As one of the first six epilepsy centers in the United States, UW's Regional Epilepsy Center has helped to pioneer the concept of a comprehensive facility for more than 30 years
University of Washington Regional Epilepsy Center
"Uncontrolled seizures are disabling," says John Miller, MD, PhD, director of the University of Washington Regional Epilepsy Center and professor of neurology and neurosurgery. Seizures can interfere with being able to hold a job, being able to drive, being able to pursue an education, and being able to develop normal social relationships.
"The sooner that the seizures can be stopped, the sooner patients can get back into a normal life, and the better off they are."
As one of the first six epilepsy centers in the United States, the Regional Epilepsy Center has helped to pioneer the concept of a comprehensive facility for more than 30 years, and it continues to research ways to treat seizures and epilepsy, whether it is with new agents or new technology.
One of the key areas of research is the use of a dense-array electroencephalogram to record seizures using 256 electrodes instead of the normal 20 or 25; it can detect small seizures that cannot be seen on standard EEG readings, Miller says. Using these recordings, surgeons are able to determine where in the brain the seizures originate and whether it is safe to resect that area.
This summer, the center will participate in a multicenter trial using the gamma knife, which uses focused radiation as a surgical alternative, to treat temporal lobe epilepsy.
In the laboratory, the center is developing an experimental model of posttraumatic epilepsy. "The overall purpose of the model is to develop interventions or treatments that can prevent the development of epilepsy" following brain injury, Miller says, because current methods only block or control seizures.
The center is also studying the role of ion channels in epilepsy.
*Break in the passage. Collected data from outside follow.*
lemma unbalanced_neq_one:
  assumes "\<not> balanced x y"
  shows "x \<noteq> 1" and "y \<noteq> 1"
  using assms unfolding balanced_def by auto

lemma almost_breakable_unbalanced_neq:
  assumes "almost_breakable TYPE('a::monoid_mult)" and "\<not> balanced (x::'a) y"
  shows "x \<noteq> y"
  using assms almost_breakable_idem unfolding balanced_def by fastforce

lemma twisted_pair_prods_of_mult_eq_left:
  fixes x y z w :: "'a::monoid_mult"
  assumes idem: "\<And>t::'a. t * t = t" and xy: "x * y = z" and zw: "z * w = x"
  shows "pair_prod [x, y, w] = {1, x, y, z, w, y * w}"
    and "pair_prod [z, y, w] = {1, x, y, z, w, y * w}"
proof -
  have xw: "x * w = x" and xyw: "x * (y * w) = x"
    using band_mult_right_absorb[OF idem, of z w] xy zw by (simp_all add: mult.assoc[symmetric])
  have zy: "z * y = z" and zyw: "z * (y * w) = x"
    using band_mult_right_absorb[OF idem, of x y] xy zw by (simp_all add: mult.assoc[symmetric])
  show "pair_prod [x, y, w] = {1, x, y, z, w, y * w}"
    and "pair_prod [z, y, w] = {1, x, y, z, w, y * w}"
    by (auto simp: xy zw xw xyw zy zyw)
qed

lemma twisted_pair_prods_of_mult_eq_right:
  fixes x y z w :: "'a::monoid_mult"
  assumes idem: "\<And>t::'a. t * t = t" and wz: "w * z \<in> {z, w}"
    and xy: "x * y = w" and zw: "z * w = y"
  shows "pair_prod [x, z, w] = {1, x, y, z, w, x * z}"
    and "pair_prod [x, y, z] = {1, x, y, z, w, x * z}"
proof -
  have xw: "x * w = w" and xzw: "x * (z * w) = w"
    using band_mult_left_absorb[OF idem, of x y] xy zw by simp_all
  have yz: "y * z \<in> {y, z}"
    using wz zw idem by (auto simp: mult.assoc)
  have xyz: "x * (y * z) = w * z"
    using xy by (simp add: mult.assoc[symmetric])
  show "pair_prod [x, z, w] = {1, x, y, z, w, x * z}"
    and "pair_prod [x, y, z] = {1, x, y, z, w, x * z}"
    using yz wz by (auto simp: xy zw xw xzw xyz)
qed

lemma twisted_mult_cases:
  fixes x y z w :: "'a::monoid_mult"
  assumes idem: "\<And>t::'a. t * t = t"
    and "\<not> balanced x y" "\<not> balanced z w" "x * y \<in> {z, w}" "z * w \<in> {x, y}"
  shows "x * y = z \<and> z * w = x \<or> x * y = w \<and> z * w = y"
proof -
  have "z * w \<noteq> y" if "x * y = z"
    using band_mult_chain_absorb[OF idem that, of w] assms(3) unfolding balanced_def by auto
  moreover have "x * y \<noteq> w" if "z * w = x"
    using band_mult_chain_absorb[OF idem that, of y] assms(2) unfolding balanced_def by auto
  ultimately show ?thesis
    using assms(4,5) by auto
qed

lemma twisted_not_UmF:
  fixes x y z w :: "'a::monoid_mult"
  assumes ab: "almost_breakable TYPE('a)"
    and xy: "\<not> balanced x y" and zw: "\<not> balanced z w" and disjoint: "{x, y} \<inter> {z, w} = {}"
    and "x * y \<in> {z, w}" "z * w \<in> {x, y}"
  shows "\<not> UmF (Pfin1 :: 'a set set) setmult {1}"
proof -
  have idem: "\<And>t::'a. t * t = t"
    using almost_breakable_idem[OF ab] .
  have distinct: "distinct [1, x, y, z, w]"
    using xy zw disjoint unbalanced_neq_one almost_breakable_unbalanced_neq[OF ab] by auto
  have big: "4 < card (pair_prod us)" if "set [1, x, y, z, w] \<subseteq> pair_prod us" for us
    using card_mono[OF finite_pair_prod that] distinct_card[OF distinct] by simp
  consider "x * y = z" "z * w = x" | "x * y = w" "z * w = y"
    using twisted_mult_cases[OF idem assms(2,3,5,6)] by blast
  then show ?thesis
  proof cases
    case 1
    note prods = twisted_pair_prods_of_mult_eq_left[OF idem 1]
    show ?thesis
    proof (rule not_UmF_Pfin1_of_pair_prod_eq[of "[x, y, w]" "[z, y, w]"])
      show "pair_prod [x, y, w] = pair_prod [z, y, w]"
        using prods by simp
      show "2 ^ (length [x, y, w] - 1) < card (pair_prod [x, y, w])"
        using big[of "[x, y, w]"] unfolding prods by simp
      have "x \<notin> set [z, y, w]"
        using distinct by auto
      then show "set [x, y, w] \<noteq> set [z, y, w]"
        by auto
    qed (use distinct in auto)
  next
    case 2
    note prods = twisted_pair_prods_of_mult_eq_right[OF idem almost_breakable_unbalanced_swap[OF ab zw] 2]
    show ?thesis
    proof (rule not_UmF_Pfin1_of_pair_prod_eq[of "[x, z, w]" "[x, y, z]"])
      show "pair_prod [x, z, w] = pair_prod [x, y, z]"
        using prods by simp
      show "2 ^ (length [x, z, w] - 1) < card (pair_prod [x, z, w])"
        using big[of "[x, z, w]"] unfolding prods by simp
      have "w \<notin> set [x, y, z]"
        using distinct by auto
      then show "set [x, z, w] \<noteq> set [x, y, z]"
        by auto
    qed (use distinct in auto)
  qed
qed

lemma bridged_mult_neq:
  fixes a b c :: "'a::monoid_mult"
  assumes idem: "\<And>t::'a. t * t = t"
    and ba: "b * a \<in> {a, b}" and cb: "c * b \<in> {b, c}" and ca: "c * a \<in> {a, c}"
    and "a * b \<noteq> b" "b * c \<noteq> b" "a * b \<noteq> c" "b * c \<noteq> a"
  shows "a * b \<noteq> b * c"
proof
  assume eq: "a * b = b * c"
  have "b * c = b * a * b"
    using band_mult_left_absorb[OF idem, of b c] eq by (simp add: mult.assoc)
  with ba assms(6) idem have ba: "b * a = a"
    by auto
  have "a * b = b * (c * b)"
    using band_mult_right_absorb[OF idem, of a b] eq by (simp add: mult.assoc)
  with cb assms(5) idem have cb: "c * b = c"
    by auto
  have "c * (a * b) = c * b * c"
    using eq by (simp add: mult.assoc)
  then have "c * a * b = c"
    using cb idem by (simp add: mult.assoc)
  with ca assms(7) have ca: "c * a = c"
    by auto
  have "a * b * a = b * (c * a)"
    using eq by (simp add: mult.assoc)
  then have "a = b * c"
    using ba ca idem by (simp add: mult.assoc)
  with assms(8) show False
    by simp
qed

lemma bridged_distinct:
  fixes a b c :: "'a::monoid_mult"
  assumes ab: "almost_breakable TYPE('a)"
    and "\<not> balanced a b" "\<not> balanced b c" "\<not> balanced a c" "a * c \<notin> {a * b, b * c}"
  shows "distinct [1, a, b, c, a * b, b * c, a * c]" and "a * (b * c) \<notin> {1, a, b, c}"
proof -
  have idem: "\<And>t::'a. t * t = t"
    using almost_breakable_idem[OF ab] .
  note left = band_mult_left_absorb[OF idem] and right = band_mult_right_absorb[OF idem]
  have letters: "distinct [1, a, b, c]"
    using assms(2-4) unbalanced_neq_one almost_breakable_unbalanced_neq[OF ab] by auto
  have unbalanced: "a * b \<notin> {a, b}" "b * c \<notin> {b, c}" "a * c \<notin> {a, c}"
    using assms(2-4) unfolding balanced_def by auto
  have non_units: "a * b \<noteq> 1" "b * c \<noteq> 1" "a * c \<noteq> 1" "a * (b * c) \<noteq> 1"
    using letters band_mult_eq_one[OF idem] by auto
  have "a * b \<noteq> c"
    using left[of a b] unbalanced by auto
  moreover have "b * c \<noteq> a"
    using right[of b c] unbalanced by auto
  moreover have "a * c \<noteq> b"
    using left[of a c] unbalanced by auto
  moreover have "a * b \<noteq> b * c"
    using bridged_mult_neq[OF idem] almost_breakable_unbalanced_swap[OF ab] assms(2-4)
      unbalanced calculation by simp
  moreover have "a * (b * c) \<noteq> a"
  proof
    assume "a * (b * c) = a"
    moreover have "a * (b * c) * c = a * (b * c)"
      using right[of "a * b" c] by (simp add: mult.assoc)
    ultimately show False
      using unbalanced by simp
  qed
  moreover have "a * (b * c) \<noteq> b"
    using left[of a "b * c"] unbalanced by auto
  moreover have "a * (b * c) \<noteq> c"
    using left[of a "b * c"] unbalanced by auto
  ultimately show "distinct [1, a, b, c, a * b, b * c, a * c]" and "a * (b * c) \<notin> {1, a, b, c}"
    using letters unbalanced non_units assms(5) by auto
qed

lemma bridged_pair_prods:
  fixes a b c :: "'a::monoid_mult"
  assumes idem: "\<And>t::'a. t * t = t"
    and "b * a \<in> {a, b}" "c * b \<in> {b, c}" "c * a \<in> {a, c}"
  shows "pair_prod [b, c, a, b] = {1, a, b, c, a * b, b * c}"
    and "pair_prod [c, b * c, a, b] = {1, a, b, c, a * b, b * c}"
  using assms(2-4)
  by (auto simp: idem mult.assoc[symmetric]) (auto simp: mult.assoc idem)

lemma bridged_three_pair_prods:
  fixes a b c :: "'a::monoid_mult"
  assumes idem: "\<And>t::'a. t * t = t"
    and "b * a \<in> {a, b}" "c * b \<in> {b, c}" "c * a \<in> {a, c}"
    and "distinct [1, a, b, c, a * b, b * c, a * c]" "a * (b * c) \<notin> {1, a, b, c}"
  shows "\<forall>u1\<in>{a, b, c, b * c}. \<forall>u2\<in>{a, b, c, b * c}. \<forall>u3\<in>{a, b, c, b * c}.
    a * c \<in> pair_prod [u1, u2, u3] \<or> \<not> {a, b, c, a * b, b * c} \<subseteq> pair_prod [u1, u2, u3]"
proof -
  txt \<open>
    Each of the three orientations is also stated for right-associated products, so that
    the simplifier can decide membership in all products case by case.
  \<close>
  have absorb: "y * x \<in> {x, y} \<Longrightarrow>
      (y * x = x \<and> (\<forall>z. y * (x * z) = x * z)) \<or> (y * x = y \<and> (\<forall>z. y * (x * z) = y * z))" for x y :: 'a
    by (auto simp: mult.assoc[symmetric])
  have idem': "t * (t * z) = t * z" for t z :: 'a
    by (simp add: mult.assoc[symmetric] idem)
  from assms(5,6) have neq:
    "a \<noteq> 1" "b \<noteq> 1" "c \<noteq> 1" "a * b \<noteq> 1" "b * c \<noteq> 1" "a * c \<noteq> 1"
    "a \<noteq> b" "a \<noteq> c" "b \<noteq> c" "a * b \<noteq> a" "a * b \<noteq> b" "a * b \<noteq> c"
    "b * c \<noteq> a" "b * c \<noteq> b" "b * c \<noteq> c" "a * c \<noteq> a" "a * c \<noteq> b" "a * c \<noteq> c"
    "a * b \<noteq> b * c" "a * c \<noteq> a * b" "a * c \<noteq> b * c"
    "a * (b * c) \<noteq> 1" "a * (b * c) \<noteq> a" "a * (b * c) \<noteq> b" "a * (b * c) \<noteq> c"
    by auto
  from absorb[OF assms(2)] absorb[OF assms(3)] absorb[OF assms(4)] show ?thesis
    by (elim disjE conjE) (simp_all add: mult.assoc idem idem' neq neq[symmetric])
qed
Because many anti-epilepsy medications act at those channels, the center is studying how the medications work "in the hopes that this will lead to a rationale for developing new agents," Miller says.
The two main ways to help control seizures in everyday practice are medication and surgery, Miller says. Side effects, however, may be one of the most common reasons why patients do not adhere to their medication. Common side effects are depression, sedation, impaired concentration, and dizziness.
The other reasons for nonadherence are financial (patients may not be able to afford the medication) and inadequate patient education (they may not understand or fully accept the need to take the medication daily).
Surgery is an option only when it has been determined that medication will not control seizures, and that the seizures originate in an area of the brain that can be safely resected.
"The surgeons [at the Regional Epilepsy Center] are top-notch," says Tim Powell, MD, epileptologist, Rockwood Clinic, Spokane, Washington, who has been referring patients to the center for the last 8 years and refers about 20 to 25 patients per month. "I never hesitate sending my patients to them. . . . I trust these surgeons to complete the complicated task of getting rid of seizures without adversely affecting the functioning of the normal brain."
Home-based treatment program
Depression is an extremely common issue associated with epilepsy, and it is typically caused by the anti-epilepsy medication patients take, the disabling nature of the condition, and the lack of independence patients experience, Miller says.
The center offers a home-based, depression treatment program developed by center psychiatrists led by Paul Ciechanowski, MD, MPH, and funded by a grant from the Centers for Disease Control and Prevention.
Because of the unpredictability of seizures and because they cannot drive, many patients with epilepsy are somewhat homebound, Miller says. Through the program, the interventionalist, or therapist, will go to the patient's home to provide lifestyle coaching, which includes helping the patient achieve regular social interaction and regular exercise, according to Miller. The supervising psychiatrist will work with the patient's primary care physician or neurologist to ensure patients understand the appropriate use of anti-depressant medication, but lifestyle issues are more important, he says.
What makes the center unique is "the diversity of our center, the size of our staff, the number of neurologists, the research protocols we do, and the fact that we have so many different specialists-psychologists, neurosurgeons, neurologists-all working together as a team," Miller says.
Although many patients are referred to the center by neurologists, primary care physicians also are often involved in the care of patients. When the seizures are well controlled, the epilepsy center will return patients to the care of the primary care physician who will prescribe and dose medication with the epilepsy center acting as a consultant, Miller says.
In addition to taking a team approach in the management of patients with seizures and epilepsy, the center focuses on helping these patients live as normal of a life as possible.
"Patients should not settle for occasional seizures," Miller says. "The goal really is to see if we can control all seizures, which is possible in the majority of patients."